(Stored data entries)
lemma det_mat_4:
  fixes F :: "nat \<times> nat \<Rightarrow> 'a::comm_ring_1"
  defines "a \<equiv> \<lambda>i k. F (i, k)"
  shows "det (mat 4 4 F) =
      a 0 0 * a 1 1 * a 2 2 * a 3 3 - a 0 0 * a 1 1 * a 2 3 * a 3 2 - a 0 0 * a 1 2 * a 2 1 * a 3 3
    + a 0 0 * a 1 2 * a 2 3 * a 3 1 + a 0 0 * a 1 3 * a 2 1 * a 3 2 - a 0 0 * a 1 3 * a 2 2 * a 3 1
    - a 0 1 * a 1 0 * a 2 2 * a 3 3 + a 0 1 * a 1 0 * a 2 3 * a 3 2 + a 0 1 * a 1 2 * a 2 0 * a 3 3
    - a 0 1 * a 1 2 * a 2 3 * a 3 0 - a 0 1 * a 1 3 * a 2 0 * a 3 2 + a 0 1 * a 1 3 * a 2 2 * a 3 0
    + a 0 2 * a 1 0 * a 2 1 * a 3 3 - a 0 2 * a 1 0 * a 2 3 * a 3 1 - a 0 2 * a 1 1 * a 2 0 * a 3 3
    + a 0 2 * a 1 1 * a 2 3 * a 3 0 + a 0 2 * a 1 3 * a 2 0 * a 3 1 - a 0 2 * a 1 3 * a 2 1 * a 3 0
    - a 0 3 * a 1 0 * a 2 1 * a 3 2 + a 0 3 * a 1 0 * a 2 2 * a 3 1 + a 0 3 * a 1 1 * a 2 0 * a 3 2
    - a 0 3 * a 1 1 * a 2 2 * a 3 0 - a 0 3 * a 1 2 * a 2 0 * a 3 1 + a 0 3 * a 1 2 * a 2 1 * a 3 0"
proof -
  have "(4::nat) = Suc (Suc (Suc (Suc 0)))" by simp
  then show ?thesis
    unfolding a_def by (simp add: det_mat_Suc lessThan_Suc eval_nat_numeral) (simp add: algebra_simps)
qed

section \<open>Factoring the distances out of the Atiyah determinant\<close>

definition unit_hopf_poly :: "(nat \<Rightarrow> complex) \<Rightarrow> nat \<Rightarrow> nat \<Rightarrow> complex poly" where
  "unit_hopf_poly p k j =
    (if k < j then [:1, cnj (sgn (p j - p k)):] else [:sgn (p j - p k), 1:])"

definition unit_hopf_det :: "complex \<Rightarrow> complex \<Rightarrow> complex \<Rightarrow> complex \<Rightarrow> complex" where
  "unit_hopf_det z1 z2 z3 z4 = (let p = (\<lambda>i. [z1, z2, z3, z4] ! i) in
     det (mat 4 4 (\<lambda>(i, k). coeff (\<Prod>j\<in>{0..<4} - {k}. unit_hopf_poly p k j) i)))"

lemma hopf_lift_eq_smult:
  "[:hopf_x p k j, hopf_y p k j:] =
    smult (of_real (sqrt (cmod (p j - p k)))) (unit_hopf_poly p k j)"
  by (simp add: hopf_x_def hopf_y_def unit_hopf_poly_def sgn_eq Let_def)

lemma atiyah_poly_eq_smult:
  "atiyah_poly p k = smult (of_real (\<Prod>j\<in>{0..<4} - {k}. sqrt (cmod (p j - p k))))
     (\<Prod>j\<in>{0..<4} - {k}. unit_hopf_poly p k j)"
  by (simp add: atiyah_poly_def hopf_lift_eq_smult prod_smult)

lemma atLeast0LessThan_4: "{0..<4::nat} = {0, 1, 2, 3}"
  by auto

lemma prod_off_diagonal_4:
  fixes g :: "nat \<Rightarrow> nat \<Rightarrow> 'a::comm_ring_1"
  assumes "\<And>j k. g j k = g k j"
  shows "(\<Prod>k\<in>{0..<4}. \<Prod>j\<in>{0..<4} - {k}. g j k) =
    (g 1 0 * g 2 0 * g 3 0 * g 2 1 * g 3 1 * g 3 2)\<^sup>2"
  using assms[of 0 1] assms[of 0 2] assms[of 0 3] assms[of 1 2] assms[of 1 3] assms[of 2 3]
  by (simp add: atLeast0LessThan_4 insert_Diff_if power2_eq_square ac_simps)

lemma prod_sqrt_dist_4:
  fixes p :: "nat \<Rightarrow> complex"
  shows "(\<Prod>k\<in>{0..<4}. \<Prod>j\<in>{0..<4} - {k}. sqrt (cmod (p j - p k))) =
    cmod (p 1 - p 0) * cmod (p 2 - p 0) * cmod (p 3 - p 0) *
    cmod (p 2 - p 1) * cmod (p 3 - p 1) * cmod (p 3 - p 2)"
  by (subst prod_off_diagonal_4) (simp_all add: norm_minus_commute power_mult_distrib)

lemma Atiyah_eq_mult_unit_hopf_det:
  "Atiyah z1 z2 z3 z4 =
    of_real (cmod (z2 - z1) * cmod (z3 - z1) * cmod (z4 - z1) *
      cmod (z3 - z2) * cmod (z4 - z2) * cmod (z4 - z3)) * unit_hopf_det z1 z2 z3 z4"
proof -
  define p where "p i = [z1, z2, z3, z4] ! i" for i
  define c where "c k = complex_of_real (\<Prod>j\<in>{0..<4} - {k}. sqrt (cmod (p j - p k)))" for k
  define F where "F = (\<lambda>(i, k). coeff (\<Prod>j\<in>{0..<4} - {k}. unit_hopf_poly p k j) i)"
  have "Atiyah z1 z2 z3 z4 = det (mat 4 4 (\<lambda>(i, k). c k * F (i, k)))"
    by (simp add: Atiyah_def p_def[abs_def, symmetric] atiyah_poly_eq_smult c_def F_def)
  also have "\<dots> = prod c {0..<4} * det (mat 4 4 F)"
    by (rule det_mat_mult_cols)
  also have "prod c {0..<4} = of_real (cmod (z2 - z1) * cmod (z3 - z1) * cmod (z4 - z1) *
      cmod (z3 - z2) * cmod (z4 - z2) * cmod (z4 - z3))"
    unfolding c_def of_real_prod[symmetric] prod_sqrt_dist_4 by (simp add: p_def)
  also have "det (mat 4 4 F) = unit_hopf_det z1 z2 z3 z4"
    by (simp add: unit_hopf_det_def F_def p_def[abs_def])
  finally show ?thesis .
qed

section \<open>The determinant of the normalised lifts\<close>

text \<open>\<open>ca, cb, cg, sa, sb, sg\<close> stand for the cosines and sines of \<open>\<alpha>, \<beta>, \<gamma>\<close>, so that
  \<open>atiyah_angle_sum\<close> is \<open>24 + 8 S1 + 2 S2 + E\<close>.\<close>
definition atiyah_angle_sum ::
    "(int \<Rightarrow> 'a::comm_ring_1) \<Rightarrow> (int \<Rightarrow> 'a) \<Rightarrow> (int \<Rightarrow> 'a) \<Rightarrow>
     (int \<Rightarrow> 'a) \<Rightarrow> (int \<Rightarrow> 'a) \<Rightarrow> (int \<Rightarrow> 'a) \<Rightarrow> 'a"
  where "atiyah_angle_sum ca cb cg sa sb sg =
    24 + 8 * (\<Sum>j=1..4. ca j + cb j + cg j)
    + 2 * (\<Sum>j=1..4. (ca j + cb j + cg j) * (ca (j+1) + cg (j+2) + cb (j+3)))
    + (2 * (\<Sum>j=1..4. sa j * sa (j+1) + sb j * sb (j+1)
                   - sg j * sa (j+1) - sg (j+1) * sb j
                   + sg j * sa (j+2) + sg j * sb (j+2))
       - 4 * (\<Sum>j=1..4. sa (j+1) * sb j)
       + 4 * sg 1 * sg 3 + 4 * sg 2 * sg 4)"

lemma of_real_atiyah_angle_sum:
  "of_real (atiyah_angle_sum ca cb cg sa sb sg) =
    atiyah_angle_sum (\<lambda>j. of_real (ca j)) (\<lambda>j. of_real (cb j)) (\<lambda>j. of_real (cg j))
      (\<lambda>j. of_real (sa j)) (\<lambda>j. of_real (sb j)) (\<lambda>j. of_real (sg j))"
  by (simp add: atiyah_angle_sum_def)

lemma atiyah_angle_sum_scale_sines:
  fixes t :: "'a::comm_ring_1"
  assumes "t * t = 1"
  shows "atiyah_angle_sum ca cb cg (\<lambda>j. t * sa j) (\<lambda>j. t * sb j) (\<lambda>j. t * sg j) =
    atiyah_angle_sum ca cb cg sa sb sg"
proof -
  have "t * x * (t * y) = x * y" for x y
    using assms by (metis mult.assoc mult.commute mult.left_commute mult_1)
  then show ?thesis
    by (simp add: atiyah_angle_sum_def mult.assoc)
qed

lemma coeff_linear_prod3:
  fixes a1 b1 a2 b2 a3 b3 :: "'a::comm_ring_1"
  defines "P \<equiv> [:a1, b1:] * ([:a2, b2:] * [:a3, b3:])"
  shows "coeff P 0 = a1 * a2 * a3"
    and "coeff P 1 = b1 * a2 * a3 + a1 * b2 * a3 + a1 * a2 * b3"
    and "coeff P 2 = a1 * b2 * b3 + b1 * a2 * b3 + b1 * b2 * a3"
    and "coeff P 3 = b1 * b2 * b3"
  by (simp_all add: P_def coeff_mult_0 numeral_eq_Suc algebra_simps)

lemma sgn_mult_cnj_sgn: "w \<noteq> 0 \<Longrightarrow> sgn w * cnj (sgn w) = 1" for w :: complex
  by (simp add: norm_sgn flip: complex_norm_square)

lemma unit_hopf_columns:
  fixes z1 z2 z3 z4 :: complex
  defines "p \<equiv> \<lambda>i. [z1, z2, z3, z4] ! i"
  shows "(\<Prod>j\<in>{0..<4} - {0}. unit_hopf_poly p 0 j) =
      [:1, cnj (sgn (z2 - z1)):] * ([:1, cnj (sgn (z3 - z1)):] * [:1, cnj (sgn (z4 - z1)):])"
    and "(\<Prod>j\<in>{0..<4} - {1}. unit_hopf_poly p 1 j) =
      [:sgn (z1 - z2), 1:] * ([:1, cnj (sgn (z3 - z2)):] * [:1, cnj (sgn (z4 - z2)):])"
    and "(\<Prod>j\<in>{0..<4} - {2}. unit_hopf_poly p 2 j) =
      [:sgn (z1 - z3), 1:] * ([:sgn (z2 - z3), 1:] * [:1, cnj (sgn (z4 - z3)):])"
    and "(\<Prod>j\<in>{0..<4} - {3}. unit_hopf_poly p 3 j) =
      [:sgn (z1 - z4), 1:] * ([:sgn (z2 - z4), 1:] * [:sgn (z3 - z4), 1:])"
  by (simp_all add: atLeast0LessThan_4 insert_Diff_if unit_hopf_poly_def p_def)
lemma finite_part_approximation:
  assumes nonzero: "Z \<noteq> {\<lambda>i. 0}"
    and xs: "xs \<in> lists (nsphere N Z)" and fs: "fs \<in> lists (dsphere sc N Z)"
    and \<delta>: "\<delta> > 0" and \<theta>: "\<theta> > 0"
  obtains J where "finite J" "J \<noteq> {}" "Zpart J \<in> nz_subspaces sc N Z"
    and "\<exists>zs\<in>lists (nsphere N (Zpart J)). list_all2 (\<lambda>x z. N (\<lambda>i. x i - z i) \<le> \<delta>) xs zs"
    and "\<exists>hs\<in>lists (dsphere sc N (Zpart J)).
           list_all2 (\<lambda>f h. dnorm N (Zpart J) (\<lambda>v. f v - h v) \<le> \<theta>) (map (restr (Zpart J)) fs) hs"
proof -
  define \<theta>' where "\<theta>' = min \<theta> 1"
  define s where "s = min (min (\<delta> / 2) (1 / 2)) (\<theta>' / 2)"
  have \<theta>': "0 < \<theta>'" "\<theta>' \<le> \<theta>" "\<theta>' \<le> 1" using \<theta> by (auto simp: \<theta>'_def)
  have s: "0 < s" "2 * s \<le> \<delta>" "s < 1" "s \<le> \<theta>' / 2" using \<delta> \<theta>' by (auto simp: s_def)
  have "\<forall>f\<in>set fs. \<exists>x\<in>nball N Z. 1 - \<theta>' / 2 < norm (f x)"
    using exists_almost_norming[OF esum_subspace] fs \<theta>' by (auto simp: in_lists_conv_set)
  then obtain xf where xf: "\<And>f. f \<in> set fs \<Longrightarrow> xf f \<in> nball N Z \<and> 1 - \<theta>' / 2 < norm (f (xf f))"
    by metis
  obtain z0 where z0: "z0 \<in> Z" "z0 \<noteq> (\<lambda>i. 0)" using nonzero esum_zero by blast
  then obtain i0 where i0: "z0 i0 \<noteq> 0" by auto
  have "finite (set xs \<union> xf ` set fs)" "set xs \<union> xf ` set fs \<subseteq> Z"
    using xs xf by (auto simp: nsphere_def nball_def)
  then obtain J where J: "finite J" "i0 \<in> J"
    and near: "\<And>w. w \<in> set xs \<union> xf ` set fs \<Longrightarrow> N (trunc (- J) w) < s"
    using exists_finite_part_near s(1) by metis
  have "trunc J z0 \<in> Zpart J" "trunc J z0 \<noteq> (\<lambda>i. 0)"
    using trunc_mem_esum_part[OF z0(1)] i0 J(2) by (auto simp: trunc_def fun_eq_iff)
  then have "Zpart J \<noteq> {\<lambda>i. 0}" by blast
  show thesis
  proof (rule that[OF J(1) _ esum_part_nz_subspace])
    show "J \<noteq> {}" "Zpart J \<noteq> {\<lambda>i. 0}" using J(2) \<open>Zpart J \<noteq> {\<lambda>i. 0}\<close> by auto
    have "\<exists>z\<in>nsphere N (Zpart J). N (\<lambda>i. x i - z i) \<le> \<delta>" if "x \<in> set xs" for x
      using trunc_normalized_near[of x J s] near[of x] that xs s by (force simp: in_lists_conv_set)
    then show "\<exists>zs\<in>lists (nsphere N (Zpart J)). list_all2 (\<lambda>x z. N (\<lambda>i. x i - z i) \<le> \<delta>) xs zs"
      by (rule list_all2_choice)
    have "\<exists>h\<in>dsphere sc N (Zpart J). dnorm N (Zpart J) (\<lambda>v. restr (Zpart J) f v - h v) \<le> \<theta>"
      if f: "f \<in> set fs" for f
    proof -
      have "\<exists>h\<in>dsphere sc N (Zpart J). dnorm N (Zpart J) (\<lambda>v. restr (Zpart J) f v - h v) \<le> \<theta>'"
        using restr_normalized_near[of f "xf f" \<theta>' J] xf[OF f] near[of "xf f"] f fs \<theta>' s
        by (force simp: in_lists_conv_set)
      then show ?thesis using \<theta>' by force
    qed
    then show "\<exists>hs\<in>lists (dsphere sc N (Zpart J)).
        list_all2 (\<lambda>f h. dnorm N (Zpart J) (\<lambda>v. f v - h v) \<le> \<theta>) (map (restr (Zpart J)) fs) hs"
      unfolding list_all2_map1 by (rule list_all2_choice)
  qed
qed

end

lemma test_family_charD:
  assumes "test_family sc N Z Ecl F" and "U \<in> nz_subspaces sc N Z"
  shows "Ecl U \<longleftrightarrow> (\<forall>\<epsilon>>0. \<forall>xs\<in>lists (nsphere N U). \<forall>fs\<in>lists (dsphere sc N U).
           \<exists>ys\<in>lists (nsphere N U). \<exists>gs\<in>lists (dsphere sc N U). F \<epsilon> U xs fs ys gs \<le> \<epsilon>)"
  by (rule bspec[OF assms(1)[unfolded test_family_def, THEN conjunct1] assms(2)])

context esum_space
begin
section \<open>Exponential moments of the walk and regularity of \<open>G\<close>\<close>

text \<open>Hoeffding's lemma for a fair \<open>\<plusminus>1\<close> variable: \<open>cosh \<mu> \<le> exp (\<mu>\<^sup>2 / 2)\<close>.\<close>
lemma exp_add_exp_uminus_le: "exp (\<mu>::real) + exp (-\<mu>) \<le> 2 * exp (\<mu>\<^sup>2 / 2)"
proof -
  define h where "h = 2 * \<bar>\<mu>\<bar>"
  have "- h * (1/2) + ln (1 + (1/2) * (exp h - 1)) \<le> h\<^sup>2 / 8"
    using Hoeffdings_lemma_aux[of h "1/2"] by (simp add: h_def)
  moreover have "1 + (1/2) * (exp h - 1) = (1 + exp h) / 2" by (simp add: field_simps)
  ultimately have "- h * (1/2) + ln ((1 + exp h) / 2) \<le> h\<^sup>2 / 8" by metis
  moreover have "h\<^sup>2 = 4 * \<mu>\<^sup>2" "h * (1/2) = \<bar>\<mu>\<bar>" by (simp_all add: h_def power_mult_distrib)
  ultimately have "ln ((1 + exp h) / 2) \<le> \<bar>\<mu>\<bar> + \<mu>\<^sup>2 / 2"
    by linarith
  then have "(1 + exp h) / 2 \<le> exp (\<bar>\<mu>\<bar> + \<mu>\<^sup>2 / 2)"
    by (metis exp_le_cancel_iff exp_ln add_pos_nonneg divide_pos_pos exp_ge_zero zero_less_one zero_less_numeral)
  then have "(1 + exp h) / 2 * exp (-\<bar>\<mu>\<bar>) \<le> exp (\<bar>\<mu>\<bar> + \<mu>\<^sup>2 / 2) * exp (-\<bar>\<mu>\<bar>)"
    by (simp add: mult_right_mono)
  also have "\<dots> = exp (\<mu>\<^sup>2 / 2)" by (simp flip: exp_add)
  finally have "(1 + exp h) / 2 * exp (-\<bar>\<mu>\<bar>) \<le> exp (\<mu>\<^sup>2 / 2)" .
  moreover have "(1 + exp h) / 2 * exp (-\<bar>\<mu>\<bar>) = (exp (-\<bar>\<mu>\<bar>) + exp \<bar>\<mu>\<bar>) / 2"
    by (simp add: h_def field_simps flip: exp_add)
  ultimately show ?thesis by (cases "\<mu> \<ge> 0") auto
qed

lemma unit_step_mgf_le:
  "2 * (real CARD('d::finite) - 1) + exp \<mu> + exp (-\<mu>) \<le> 2 * real CARD('d) * exp (\<mu>\<^sup>2 / 2)"
proof -
  have "2 * (real CARD('d) - 1) * 1 \<le> 2 * (real CARD('d) - 1) * exp (\<mu>\<^sup>2 / 2)"
    by (intro mult_left_mono) (auto simp: Suc_le_eq)
  then show ?thesis using exp_add_exp_uminus_le[of \<mu>] by (simp add: algebra_simps)
qed

text \<open>Bounding the Euclidean norm by \<open>d\<close> times the largest coordinate turns the exponential
  moment of the norm into a sum of exponential moments of single coordinates.\<close>
lemma exp_mult_norm_le_sum_components:
  fixes v :: "real^'d::finite"
  assumes "0 \<le> a"
  shows "exp (a * norm v)
    \<le> (\<Sum>k\<in>UNIV. exp (real CARD('d) * a * v $ k) + exp (- (real CARD('d) * a) * v $ k))"
proof -
  have "Max (range (\<lambda>k. \<bar>v $ k\<bar>)) \<in> range (\<lambda>k. \<bar>v $ k\<bar>)" by (rule Max_in) auto
  then obtain k0 where "\<bar>v $ k0\<bar> = Max (range (\<lambda>k. \<bar>v $ k\<bar>))" by (metis (mono_tags) rangeE)
  then have k0: "\<bar>v $ k\<bar> \<le> \<bar>v $ k0\<bar>" for k by simp
  have "norm v \<le> (\<Sum>k\<in>UNIV. \<bar>v $ k\<bar>)" by (rule norm_le_l1_cart)
  also have "\<dots> \<le> (\<Sum>k\<in>(UNIV::'d set). \<bar>v $ k0\<bar>)" by (intro sum_mono k0)
  also have "\<dots> = real CARD('d) * \<bar>v $ k0\<bar>" by simp
  finally have "exp (a * norm v) \<le> exp (a * (real CARD('d) * \<bar>v $ k0\<bar>))"
    using assms by (simp add: mult_left_mono)
  also have "\<dots> \<le> exp (real CARD('d) * a * v $ k0) + exp (- (real CARD('d) * a) * v $ k0)"
    by (cases "v $ k0 \<ge> 0") (auto simp: algebra_simps)
  also have "\<dots> \<le> (\<Sum>k\<in>UNIV. exp (real CARD('d) * a * v $ k) + exp (- (real CARD('d) * a) * v $ k))"
    by (rule member_le_sum) (auto intro: add_nonneg_nonneg)
  finally show ?thesis .
qed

→ **EXERCISE GOAL**: Within the data above, the span starting at the line containing "by linarith" and ending at the line containing "by (intro mult_left_mono)" is to be retyped exactly, with no other lines.

→ **EXERCISE ANSWER**:
    by linarith
  then have "(1 + exp h) / 2 \<le> exp (\<bar>\<mu>\<bar> + \<mu>\<^sup>2 / 2)"
    by (metis exp_le_cancel_iff exp_ln add_pos_nonneg divide_pos_pos exp_ge_zero zero_less_one zero_less_numeral)
  then have "(1 + exp h) / 2 * exp (-\<bar>\<mu>\<bar>) \<le> exp (\<bar>\<mu>\<bar> + \<mu>\<^sup>2 / 2) * exp (-\<bar>\<mu>\<bar>)"
    by (simp add: mult_right_mono)
  also have "\<dots> = exp (\<mu>\<^sup>2 / 2)" by (simp flip: exp_add)
  finally have "(1 + exp h) / 2 * exp (-\<bar>\<mu>\<bar>) \<le> exp (\<mu>\<^sup>2 / 2)" .
  moreover have "(1 + exp h) / 2 * exp (-\<bar>\<mu>\<bar>) = (exp (-\<bar>\<mu>\<bar>) + exp \<bar>\<mu>\<bar>) / 2"
    by (simp add: h_def field_simps flip: exp_add)
  ultimately show ?thesis by (cases "\<mu> \<ge> 0") auto
qed

lemma unit_step_mgf_le:
  "2 * (real CARD('d::finite) - 1) + exp \<mu> + exp (-\<mu>) \<le> 2 * real CARD('d) * exp (\<mu>\<^sup>2 / 2)"
proof -
  have "2 * (real CARD('d) - 1) * 1 \<le> 2 * (real CARD('d) - 1) * exp (\<mu>\<^sup>2 / 2)"
    by (intro mult_left_mono) (auto simp: Suc_le_eq)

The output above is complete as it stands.